See also upstream discussion of a "generic" implementation: cython/cython#1514
Upstream: Reported upstream. Developers acknowledge bug.
CC: @mkoeppe
Component: build
Keywords: cython distutils
Author: Erik Bray
Branch/Commit: a049f2d
Reviewer: Jeroen Demeyer
Issue created by migration from https://trac.sagemath.org/ticket/21682
I have a few other to-do issues in this code, but they're not essential. Not sure if they should be worried about for now, or in a follow-up issue if this code is accepted.
I suggest that you first discuss this with upstream cython.
Branch pushed to git repo; I updated commit sha1. This was a forced push. New commits:
487d66a | Add a new 'cythonize' command to setup.py to logically separate out the cythonization step. |
Rebased--I agree this could also be worth bringing upstream in some form, but do you have any other comments?
Replying to @embray:
do you have any other comments?
It would be better to separate the Sage-specific parts from the general code which could be upstreamed.
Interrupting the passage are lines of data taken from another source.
(* Consider adversarial training and let $T_0=\min\{t\ge0:\max_{r\in[m]}w^{(t)}_{r,1}>C_0/(\alpha m^{1/3})\}$. On the event $\mathcal E$, fix $t\in[T_0+1,T]$ and suppose the noise-stability bound $|\langle\mathbf w^{(\tau)}_r,\mathbf x_{i,j}\rangle|\le3\sigma_0\sigma_n\sqrt{d\log(16NmP/\delta)}+\dfrac{21p_{\mathrm{un}}NP\log^{1/3}T}{\sqrt d}\sqrt{\log(16N^2P^2/\delta)}$ holds for all $r\in[m]$, $i\in\mathcal S_L$, $j\ne s(\mathbf X_i)$ and all $\tau\le t$. Then for every learnable sample $i\in\mathcal S_L$, $\sum_{\tau=T_0}^{t-1}\psi(y_if_{\mathbf W^{(\tau)}}(\tilde{\mathbf X}^{(\tau)}_i))\le\dfrac{2m^{2/3}\log^{1/3}T}{C_0^2(1-\epsilon/\alpha)^3\eta\alpha^2}$ and $\psi(y_if_{\mathbf W^{(t)}}(\tilde{\mathbf X}^{(t)}_i))\le\dfrac{4m^{2/3}\log^{1/3}T}{C_0^2(1-\epsilon/\alpha)^3\eta\alpha^2(t-T_0)}$.
   Context: Data. Fix integers $N,P,d,m$ and reals $\alpha,\sigma_n,\sigma_0,\eta,\epsilon,\Gamma>0$, $\delta\in(0,1)$, and a horizon $T\in\mathbb N$. Let $\mathbf u=\mathbf e_1$, $\mathbf v=\mathbf e_d$ and $\Pi_{\mathcal F}$ the orthogonal projection onto $\mathrm{span}\{\mathbf u,\mathbf v\}$. Fix a partition $[N]=\mathcal S_L\sqcup\mathcal S_U$, $p_{\mathrm{un}}=|\mathcal S_U|/N$. Independently for each $i$: $y_i$ uniform on $\{\pm1\}$, $s(\mathbf X_i)$ uniform on $[P]$, $\mathbf x_{i,s(\mathbf X_i)}=\alpha y_i\mathbf u$ if $i\in\mathcal S_L$ and $\alpha y_i\mathbf v$ if $i\in\mathcal S_U$, noise patches $\mathbf x_{i,p}\sim\mathcal N(\mathbf 0,\sigma_n^2(\mathbf I_d-\Pi_{\mathcal F}))$ for $p\ne s(\mathbf X_i)$, independent. Student $f_{\mathbf W}(\mathbf X)=\sum_{r=1}^m\sum_{p=1}^P[\phi(\langle\mathbf w_r,\mathbf x_p\rangle)-\phi(-\langle\mathbf w_r,\mathbf x_p\rangle)]$, $\phi(z)=(\max\{0,z\})^3$; $w^{(0)}_{r,j}\sim\mathcal N(0,\sigma_0^2)$ i.i.d. for $j<d$, $w^{(0)}_{r,d}=0$, $w_{r,d}=0$ maintained; $w_{r,1}=\langle\mathbf w_r,\mathbf e_1\rangle$. $\ell(z)=\log(1+e^{-z})$, $\psi(z)=(1+e^{z})^{-1}$. $\tilde{\mathbf X}^{(t)}_i$ maximizes $\ell(y_if_{\mathbf W^{(t)}}(\mathbf X'))$ over $\|\mathbf X'-\mathbf X_i\|_\infty\le\epsilon$, $\mathbf X'-\mathbf X_i\in\mathrm{span}(\mathbf x_{i,s(\mathbf X_i)})$. Adversarial training: $\mathbf W^{(t+1)}=\mathbf W^{(t)}-\frac\eta N\sum_i\nabla_{\mathbf W}\ell(y_if_{\mathbf W}(\tilde{\mathbf X}^{(t)}_i))|_{\mathbf W^{(t)}}$ with $\tilde{\mathbf X}^{(t)}_i$ fixed. $C_0>0$ is a fixed, sufficiently large absolute constant. Standing parameter conditions (for a sufficiently large universal constant $C>0$): (i) $T\ge CN/(\eta\sigma_0\sigma_n^3d^{3/2})$; (ii) $d\ge Cm^2P^2N^2\log^4(TNmP/\delta)$; (iii) $\alpha\ge C\sigma_n\sqrt d\log(TNmP/\delta)/(N^{1/3}(1-p_{\mathrm{un}})^{1/3})$; (iv) $\sigma_0\le C^{-1}\min\{\frac{1}{m^{2/3}P^{2/3}\sigma_n\sqrt d},\frac{1}{\alpha m^{2/3}},\frac{1}{\sigma_nm^2P^{1/2}d}\}/\log(TdNmP/\delta)$; (v) $\eta\le C^{-1}\min\{\frac1{\alpha^3\sigma_0},\frac1{\sigma_n^2d},\frac1{\alpha^2}\}/\log(TNmP/\delta)$; (vi) $C\sigma_nmP^{1/2}\log(TdNP/\delta)\le\epsilon<C^{-1}\min\{\alpha,\frac1{m\sigma_0d}\}$; (vii) either $p_{\mathrm{un}}=0$, or $C/N\le p_{\mathrm{un}}\le C^{-1}\log d/N$, and $N\ge CmP\log(TdNmP/\delta)$; (viii) $C\log(NP/\delta)\le m\le C\log^Cd$, $2\le P\le C$; (ix) $\Gamma\ge Cd$. Event $\mathcal E$: for all $r\in[m]$, $i,k\in[N]$, $j\ne s(\mathbf X_i)$, $q\ne s(\mathbf X_k)$, $(i,j)\ne(k,q)$: $\frac12\sigma_n^2d\le\|\mathbf x_{i,j}\|_2^2\le\frac32\sigma_n^2d$; $|\langle\mathbf x_{i,j},\mathbf x_{k,q}\rangle|\le2\sigma_n^2\sqrt{d\log(16N^2P^2/\delta)}$; $\|\mathbf x_{i,j}\|_\infty\le\sigma_n\sqrt{2\log(16dNP/\delta)}$; $\|\mathbf w_r^{(0)}\|_2\le2\sigma_0\sqrt d$; $|\langle\mathbf w^{(0)}_r,\mathbf e_1\rangle|\le\sigma_0\sqrt{2\log(16m/\delta)}$; $|\langle\mathbf w^{(0)}_r,\mathbf x_{i,j}\rangle|\le2\sigma_0\sigma_n\sqrt{d\log(16NmP/\delta)}$; $\frac12\sigma_0\le\max_r\langle\mathbf w^{(0)}_r,\mathbf e_1\rangle\le\sigma_0\sqrt{2\log(16m/\delta)}$; $\frac14\sigma_0\sigma_n\sqrt d\le\max_ry_i\langle\mathbf w^{(0)}_r,\mathbf x_{i,j}\rangle\le2\sigma_0\sigma_n\sqrt{d\log(16NmP/\delta)}$. *)

theory Defs
  imports "HOL-Analysis.Analysis"
begin

text \<open>Vectors in R^d are functions nat => real, coordinates indexed by 1..d.
  A datum X is a function (patch index p in 1..P) => vector.
  Weights W are functions (neuron r in 1..m) => vector.\<close>

definition inner_d :: "nat \<Rightarrow> (nat \<Rightarrow> real) \<Rightarrow> (nat \<Rightarrow> real) \<Rightarrow> real" where
  "inner_d d a b = (\<Sum>j=1..d. a j * b j)"

definition unit_vec :: "nat \<Rightarrow> nat \<Rightarrow> real" where
  "unit_vec k = (\<lambda>j. if j = k then 1 else 0)"

definition sqnorm_d :: "nat \<Rightarrow> (nat \<Rightarrow> real) \<Rightarrow> real" where
  "sqnorm_d d a = (\<Sum>j=1..d. (a j)^2)"

definition supnorm_d :: "nat \<Rightarrow> (nat \<Rightarrow> real) \<Rightarrow> real" where
  "supnorm_d d a = Max ((\<lambda>j. \<bar>a j\<bar>) ` {1..d})"

definition phi :: "real \<Rightarrow> real" where
  "phi z = (max 0 z) ^ 3"

definition fnet :: "nat \<Rightarrow> nat \<Rightarrow> nat \<Rightarrow> (nat \<Rightarrow> nat \<Rightarrow> real) \<Rightarrow> (nat \<Rightarrow> nat \<Rightarrow> real) \<Rightarrow> real" where
  "fnet m P d W X = (\<Sum>r=1..m. \<Sum>p=1..P. phi (inner_d d (W r) (X p)) - phi (- inner_d d (W r) (X p)))"

definition logloss :: "real \<Rightarrow> real" where
  "logloss z = ln (1 + exp (- z))"

definition psi :: "real \<Rightarrow> real" where
  "psi z = 1 / (1 + exp z)"

definition adm_set :: "nat \<Rightarrow> real \<Rightarrow> nat \<Rightarrow> (nat \<Rightarrow> nat \<Rightarrow> real) \<Rightarrow> (nat \<Rightarrow> nat \<Rightarrow> real) set" where
  "adm_set d eps s X = {X'. \<exists>c::real.
      (\<forall>p. X' p = (if p = s then (\<lambda>j. X p j + c * X p j) else X p))
      \<and> (\<forall>j\<in>{1..d}. \<bar>c * X s j\<bar> \<le> eps)}"

definition grad_entry :: "nat \<Rightarrow> nat \<Rightarrow> nat \<Rightarrow> (nat \<Rightarrow> nat \<Rightarrow> real) \<Rightarrow> real \<Rightarrow> (nat \<Rightarrow> nat \<Rightarrow> real) \<Rightarrow> nat \<Rightarrow> nat \<Rightarrow> real" where
  "grad_entry m P d W yv X r j =
     deriv (\<lambda>h. logloss (yv * fnet m P d (W(r := (W r)(j := W r j + h))) X)) 0"

definition event_E :: "nat \<Rightarrow> nat \<Rightarrow> nat \<Rightarrow> nat \<Rightarrow> real \<Rightarrow> real \<Rightarrow> real \<Rightarrow>
    (nat \<Rightarrow> real) \<Rightarrow> (nat \<Rightarrow> nat) \<Rightarrow> (nat \<Rightarrow> nat \<Rightarrow> nat \<Rightarrow> real) \<Rightarrow> (nat \<Rightarrow> nat \<Rightarrow> real) \<Rightarrow> bool" where
  "event_E N P d m sn s0 \<delta> y s x w0 \<longleftrightarrow>
    (\<forall>i\<in>{1..N}. \<forall>j\<in>{1..P}. j \<noteq> s i \<longrightarrow>
        sn^2 * d / 2 \<le> sqnorm_d d (x i j) \<and> sqnorm_d d (x i j) \<le> 3/2 * sn^2 * d
      \<and> supnorm_d d (x i j) \<le> sn * sqrt (2 * ln (16 * d * N * P / \<delta>))) \<and>
    (\<forall>i\<in>{1..N}. \<forall>j\<in>{1..P}. \<forall>k\<in>{1..N}. \<forall>q\<in>{1..P}.
        j \<noteq> s i \<longrightarrow> q \<noteq> s k \<longrightarrow> (i, j) \<noteq> (k, q) \<longrightarrow>
        \<bar>inner_d d (x i j) (x k q)\<bar> \<le> 2 * sn^2 * sqrt (d * ln (16 * N^2 * P^2 / \<delta>))) \<and>
    (\<forall>r\<in>{1..m}. sqrt (sqnorm_d d (w0 r)) \<le> 2 * s0 * sqrt d
      \<and> \<bar>inner_d d (w0 r) (unit_vec 1)\<bar> \<le> s0 * sqrt (2 * ln (16 * m / \<delta>))) \<and>
    (\<forall>r\<in>{1..m}. \<forall>i\<in>{1..N}. \<forall>j\<in>{1..P}. j \<noteq> s i \<longrightarrow>
        \<bar>inner_d d (w0 r) (x i j)\<bar> \<le> 2 * s0 * sn * sqrt (d * ln (16 * N * m * P / \<delta>))) \<and>
    s0 / 2 \<le> Max ((\<lambda>r. inner_d d (w0 r) (unit_vec 1)) ` {1..m}) \<and>
    Max ((\<lambda>r. inner_d d (w0 r) (unit_vec 1)) ` {1..m}) \<le> s0 * sqrt (2 * ln (16 * m / \<delta>)) \<and>
    (\<forall>i\<in>{1..N}. \<forall>j\<in>{1..P}. j \<noteq> s i \<longrightarrow>
        s0 * sn * sqrt d / 4 \<le> Max ((\<lambda>r. y i * inner_d d (w0 r) (x i j)) ` {1..m})
      \<and> Max ((\<lambda>r. y i * inner_d d (w0 r) (x i j)) ` {1..m}) \<le> 2 * s0 * sn * sqrt (d * ln (16 * N * m * P / \<delta>)))"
Bikeshed: since all build commands start with build, wouldn't this command better be called build_cython or something like that?
Why did you change
os.environ.get('SAGE_DEBUG', None) != 'no'
to
os.environ.get('SAGE_DEBUG', 'no') != 'no'
Regarding this:
# TODO: This works for the C sources themselves, but this logic
# should also apply to Cython sources--shouldn't the be rebuilt
# if this file changes? Alternatively, we could add more details
# (e.g. cythonize() flags) to the .cython_version file
I implemented that dependency on setup.py for the C files only because Cythonization does not really depend on setup.py.
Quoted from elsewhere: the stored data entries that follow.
lemma qnorm_standard_lattice_elem:
  fixes g :: rat and a c e k d m n :: int
  assumes "d = 4 * k + 1" "e * e + e - k = a * c"
  shows "qnorm d (qscale (of_int m) (qscale g (qomega (of_int a) 0))
      + qscale (of_int n) (qscale g (qomega (of_int e) 1)))
     = g * g * of_int a * of_int (a * m * m + (2 * e + 1) * m * n + c * n * n)"
proof -
  have "qscale (of_int m) (qscale g (qomega (of_int a) 0))
      + qscale (of_int n) (qscale g (qomega (of_int e) 1))
      = qscale g (qomega (of_int (m * a + n * e)) (of_int n))"
    by (simp add: qscale_qomega qomega_add algebra_simps)
  moreover have int_identity: "(m * a + n * e) * (m * a + n * e) + (m * a + n * e) * n - k * n * n
      = a * (a * m * m + (2 * e + 1) * m * n + c * n * n)"
    using assms(2) by algebra
  hence "qnorm d (qomega (of_int (m * a + n * e)) (of_int n))
      = of_int a * of_int (a * m * m + (2 * e + 1) * m * n + c * n * n)"
    unfolding qnorm_qomega[OF assms(1)] using arg_cong[OF int_identity, of "of_int :: int \<Rightarrow> rat"] by simp
  ultimately show ?thesis
    by (simp add: qnorm_qscale)
qed

lemma standard_lattice_square_norm_quotient:
  fixes g :: rat and a c e k d x y t :: int
  assumes "squarefree d" "d = 4 * k + 1" "e * e + e - k = a * c" "g \<noteq> 0" "a \<noteq> 0"
  defines "L \<equiv> lattice2 (qscale g (qomega (of_int a) 0)) (qscale g (qomega (of_int e) 1))"
  obtains l where "l \<in> idmul d L L"
    "qnorm d l / idnorm (idmul d L L) = of_int ((t * (a * x * x + (2 * e + 1) * x * y + c * y * y)) ^ 2)"
proof -
  define \<alpha> where "\<alpha> = qscale (of_int x) (qscale g (qomega (of_int a) 0))
    + qscale (of_int y) (qscale g (qomega (of_int e) 1))"
  have "qmul d (qscale (of_int t) \<alpha>) \<alpha> \<in> idmul d L L"
    unfolding \<alpha>_def L_def by (intro qmul_mem_idmul lattice2_qscale lattice2_memI)
  moreover have "qnorm d (qmul d (qscale (of_int t) \<alpha>) \<alpha>)
      = (g * g * of_int a) ^ 2 * of_int ((t * (a * x * x + (2 * e + 1) * x * y + c * y * y)) ^ 2)"
    unfolding \<alpha>_def qnorm_qmul qnorm_qscale qnorm_standard_lattice_elem[OF assms(2,3)]
    by (simp add: power2_eq_square)
  moreover have "idnorm (idmul d L L) = (g * g * of_int a) ^ 2"
    unfolding L_def using assms(1-3) by (rule idnorm_idmul_standard_lattice)
  ultimately show thesis
    using that assms(4,5) by simp
qed

lemma prime_dvd_prod_primes_iff:
  fixes P :: "'a :: factorial_semiring set"
  assumes "finite P" "\<And>q. q \<in> P \<Longrightarrow> prime q" "prime p"
  shows "p dvd (\<Prod>q\<in>P. q) \<longleftrightarrow> p \<in> P"
proof -
  have "p dvd (\<Prod>q\<in>P. q) \<longleftrightarrow> (\<exists>q\<in>P. p dvd q)"
    using assms(1,3) by (rule prime_dvd_prod_iff)
  also have "\<dots> \<longleftrightarrow> p \<in> P"
  proof
    assume "\<exists>q\<in>P. p dvd q"
    then obtain q where "q \<in> P" "p dvd q" ..
    have "p = q"
      using assms(3) assms(2)[OF \<open>q \<in> P\<close>] \<open>p dvd q\<close> by (rule primes_dvd_imp_eq)
    thus "p \<in> P"
      using \<open>q \<in> P\<close> by simp
  next
    assume "p \<in> P"
    thus "\<exists>q\<in>P. p dvd q"
      by (intro bexI[of _ p]) simp_all
  qed
  finally show ?thesis .
qed

lemma coprime_if_no_common_prime_divisor:
  fixes m n :: "'a :: factorial_semiring"
  assumes "n \<noteq> 0" "\<And>p. prime p \<Longrightarrow> p dvd n \<Longrightarrow> \<not> p dvd m"
  shows "coprime m n"
proof (rule ccontr)
  assume "\<not> coprime m n"
  then obtain q where q: "q dvd m" "q dvd n" "\<not> is_unit q"
    by (rule not_coprimeE)
  have "q \<noteq> 0"
    using q(2) assms(1) dvd_0_left by blast
  then obtain p where "p dvd q" "prime p"
    using prime_divisor_exists[OF _ q(3)] by blast
  hence "p dvd m" "p dvd n"
    using q(1,2) dvd_trans by blast+
  thus False
    using assms(2)[OF \<open>prime p\<close>] by blast
qed

lemma prime_not_dvd_form_value:
  fixes a b c x y p :: int
  assumes "prime p" "\<not> (p dvd a \<and> p dvd b \<and> p dvd c)"
    and x: "p dvd x \<longleftrightarrow> p dvd a \<and> \<not> p dvd c" and y: "p dvd y \<longleftrightarrow> \<not> p dvd a"
  shows "\<not> p dvd a * x * x + b * x * y + c * y * y"
proof
  assume dvd_value: "p dvd a * x * x + b * x * y + c * y * y"
  consider "\<not> p dvd a" | "p dvd a" "\<not> p dvd c" | "p dvd a" "p dvd c"
    by blast
  thus False
  proof cases
    case 1
    have "a * x * x = (a * x * x + b * x * y + c * y * y) - y * (b * x + c * y)"
      by (simp add: algebra_simps)
    hence "p dvd a * x * x"
      using dvd_value 1 y by (metis dvd_diff dvd_mult2)
    thus False
      using 1 x assms(1) by (simp add: prime_dvd_mult_iff)
  next
    case 2
    have "c * y * y = (a * x * x + b * x * y + c * y * y) - x * (a * x + b * y)"
      by (simp add: algebra_simps)
    hence "p dvd c * y * y"
      using dvd_value 2 x by (metis dvd_diff dvd_mult2)
    thus False
      using 2 y assms(1) by (simp add: prime_dvd_mult_iff)
  next
    case 3
    have "b * x * y = (a * x * x + b * x * y + c * y * y) - a * (x * x) - c * (y * y)"
      by (simp add: algebra_simps)
    hence "p dvd b * x * y"
      using dvd_value 3 by (metis dvd_diff dvd_mult2)
    thus False
      using 3 x y assms(1,2) by (simp add: prime_dvd_mult_iff)
  qed
qed

lemma primitive_form_coprime_value:
  fixes a b c n :: int
  assumes primitive: "\<And>x. x dvd a \<Longrightarrow> x dvd b \<Longrightarrow> x dvd c \<Longrightarrow> is_unit x" and "n \<noteq> 0"
  obtains x y where "coprime (a * x * x + b * x * y + c * y * y) n"
proof -
  define P where "P = prime_factors n"
  define x where "x = (\<Prod>p\<in>{p\<in>P. p dvd a \<and> \<not> p dvd c}. p)"
  define y where "y = (\<Prod>p\<in>{p\<in>P. \<not> p dvd a}. p)"
  have P: "finite P" "\<And>q. q \<in> P \<Longrightarrow> prime q"
    unfolding P_def by (auto intro: in_prime_factors_imp_prime)
  have "\<not> p dvd a * x * x + b * x * y + c * y * y" if p: "prime p" "p dvd n" for p
  proof (rule prime_not_dvd_form_value[OF p(1)])
    have "p \<in> P"
      using p \<open>n \<noteq> 0\<close> unfolding P_def by (simp add: in_prime_factors_iff)
    show "\<not> (p dvd a \<and> p dvd b \<and> p dvd c)"
      using primitive p(1) not_prime_unit by blast
    have "p dvd x \<longleftrightarrow> p \<in> {p\<in>P. p dvd a \<and> \<not> p dvd c}"
      unfolding x_def using P p(1) by (intro prime_dvd_prod_primes_iff) auto
    thus "p dvd x \<longleftrightarrow> p dvd a \<and> \<not> p dvd c"
      using \<open>p \<in> P\<close> by simp
    have "p dvd y \<longleftrightarrow> p \<in> {p\<in>P. \<not> p dvd a}"
      unfolding y_def using P p(1) by (intro prime_dvd_prod_primes_iff) auto
    thus "p dvd y \<longleftrightarrow> \<not> p dvd a"
      using \<open>p \<in> P\<close> by simp
  qed
  hence "coprime (a * x * x + b * x * y + c * y * y) n"
    using coprime_if_no_common_prime_divisor[OF \<open>n \<noteq> 0\<close>] by blast
  thus thesis
    by (rule that)
qed

theorem lemma3p4:
  fixes d :: int and A :: "qf set" and b :: nat
  assumes "squarefree d" and "d > 1" and "d mod 4 = 1"
    and "frac_ideal d A"
    and "b > 0"
  shows "\<exists>l\<in>idmul d A A. \<exists>m::int.
           qnorm d l / idnorm (idmul d A A) = of_int m \<and> [m = 1] (mod int b)"
proof -
  define k where "k = d div 4"
  have d: "d = 4 * k + 1"
    using assms(3) unfolding k_def by presburger
  obtain g a e where "g \<noteq> 0" "a > 0" "a dvd e * e + e - k"
    and A: "A = lattice2 (qscale g (qomega (of_int a) 0)) (qscale g (qomega (of_int e) 1))"
    using frac_ideal_standard_basis[OF assms(1,2) d assms(4)] .
  then obtain c where c: "e * e + e - k = a * c"
    by blast
  have "\<And>x. x dvd a \<Longrightarrow> x dvd 2 * e + 1 \<Longrightarrow> x dvd c \<Longrightarrow> is_unit x" "int b \<noteq> 0"
    using standard_form_primitive[OF assms(1) d c] assms(5) by simp_all
  then obtain x y where "coprime (a * x * x + (2 * e + 1) * x * y + c * y * y) (int b)"
    by (rule primitive_form_coprime_value)
  then obtain t where t: "[(a * x * x + (2 * e + 1) * x * y + c * y * y) * t = 1] (mod int b)"
    using cong_solve_coprime_int by blast
  obtain l where "l \<in> idmul d A A"
    "qnorm d l / idnorm (idmul d A A) = of_int ((t * (a * x * x + (2 * e + 1) * x * y + c * y * y)) ^ 2)"
    unfolding A using standard_lattice_square_norm_quotient[OF assms(1) d c \<open>g \<noteq> 0\<close>] \<open>a > 0\<close> by blast
  moreover have "[(t * (a * x * x + (2 * e + 1) * x * y + c * y * y)) ^ 2 = 1] (mod int b)"
    using cong_pow[OF t, of 2] by (simp add: mult.commute)
  ultimately show ?thesis
    by blast
qed

end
You are right that the cythonize() flags affect Cythonization, but that is why we have .cython_version. But it would indeed be better if .cython_version would be more auto-generated with the relevant arguments given to cythonize().
I would suggest to simplify
if self.parallel is None:
self.parallel = int(os.environ.get('SAGE_NUM_THREADS', 0))
if isinstance(self.parallel, str):
try:
self.parallel = int(self.parallel)
except ValueError:
raise DistutilsOptionError("parallel should be an integer")
to
if self.parallel is None:
self.parallel = os.environ.get('SAGE_NUM_THREADS', 0)
try:
self.parallel = int(self.parallel)
except ValueError:
raise DistutilsOptionError("parallel should be an integer")
In finalize_options, you are setting build_dir unconditionally. Does that mean that the --build-dir option is ignored?
Replying to @jdemeyer:
Bikeshed: since all
buildcommands start withbuild, wouldn't this command better be calledbuild_cythonor something like that?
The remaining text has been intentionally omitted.